Atlas Shrugged and Hitchhiker's Guide to the Galaxy
SPOILERS AHEAD!!!
I've heard about Atlas Shrugged, at least I've heard the title, but I didn't know what the book is about until I checked over at Wikipedia. The geniuses of the world go on strike, and run off and disappear?
The moment I read that, it reminded me of Douglas Adams' more elegant solution to the same problem, found in both the novel The Restaurant at the End of the Universe and the television series The Hitchhiker's Guide to the Galaxy. There, instead of the geniuses running away, they admitted that their society was made up of three components: first, the brains of the operations (themselves); second, the people who actually got the work done; and third, everyone else - the market researchers, hair stylists, public telephone sanitizers, that sort of stuff.
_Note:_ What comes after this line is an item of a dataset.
(* Let $\mathbf{u}$ be fixed by a primitive substitution $\varphi_w$, $w\in\{a,b,\alpha,\beta\}^*$. (1) If $w\in\{a,\beta\}^*$, then $\sigma(\mathbf{u})$ is a standard Sturmian word which is fixed by the substitution $\varphi_{H(w)}$. (2) If $w\in\{b,\alpha\}^*$, then $\sigma(\mathbf{u})$ is a standard Sturmian word which is fixed by the substitution $\varphi_{F(w)}$. (3) If $w\in\{a,\alpha\}^*$ and $\mathbf{u}$ has prefix $1$, then $\sigma(\mathbf{u})$ is fixed by the substitution $\varphi_{H(w)}$. (4) If $w\in\{a,\alpha\}^*$ and $\mathbf{u}$ has prefix $0$, then $\sigma(\mathbf{u})$ is fixed by the substitution $\varphi_{F(w)}$.
   Context: Morphisms on $\{0,1\}^*$: $\varphi_a: 0\mapsto 0, 1 \mapsto 10$; $\varphi_b: 0 \mapsto 0, 1\mapsto 01$; $\varphi_\alpha: 0\mapsto 01, 1\mapsto 1$; $\varphi_\beta: 0\mapsto 10, 1 \mapsto 1$; for $w=w_0\cdots w_{m-1}$, $\varphi_w = \varphi_{w_0}\circ\cdots\circ\varphi_{w_{m-1}}$. $H, F$ are the monoid morphisms on $\{a,b,\alpha,\beta\}^*$ given by $H(a)=H(b)=b$, $H(\alpha)=\alpha$, $H(\beta)=\beta$, and $F(a)=a$, $F(b)=b$, $F(\alpha)=F(\beta)=\beta$. $\sigma$ is the shift $\sigma(u_0u_1u_2\cdots)=u_1u_2\cdots$. A morphism is primitive if some power maps every letter to a word containing every letter; a substitution is a morphism $\psi$ with a letter $c$, $\psi(c) = cx$, $x$ nonempty, $|\psi^n(c)|\to\infty$. A standard Sturmian word is a Sturmian word $\mathbf{s}$ over $\{0,1\}$ such that both $0\mathbf{s}$ and $1\mathbf{s}$ are Sturmian (equivalently, the lower two interval exchange coding with parameters $\ell_0,\ell_1,\rho=\ell_1$: $T$ on $[0,\ell_0+\ell_1)$, $T(x)=x+\ell_1$ on $[0,\ell_0)$ coded $0$, $T(x)=x-\ell_0$ on $[\ell_0,\ell_0+\ell_1)$ coded $1$, orbit of $\rho$). Sturmian words are infinite binary words with exactly $n+1$ factors of length $n$ for each $n$. *)

theory Defs
  imports Main
begin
And, since so much was being wasted on the third group, the third group was blasted off on a colonizing ship, convinced that they were to settle a new home planet in preparation for the other two groups that would follow in two other ships (they never did, of course, and never had intended to, but were instead wiped out by a plague that was caught from an unsanitized public telephone). The planet that the third group eventually colonized was, of course, Earth.
None of this is to be found in the film version of Hitchhiker's Guide, which was mainly notable for it's creation of a race of villainous aliens that all looked remarkably like Charles Laughton.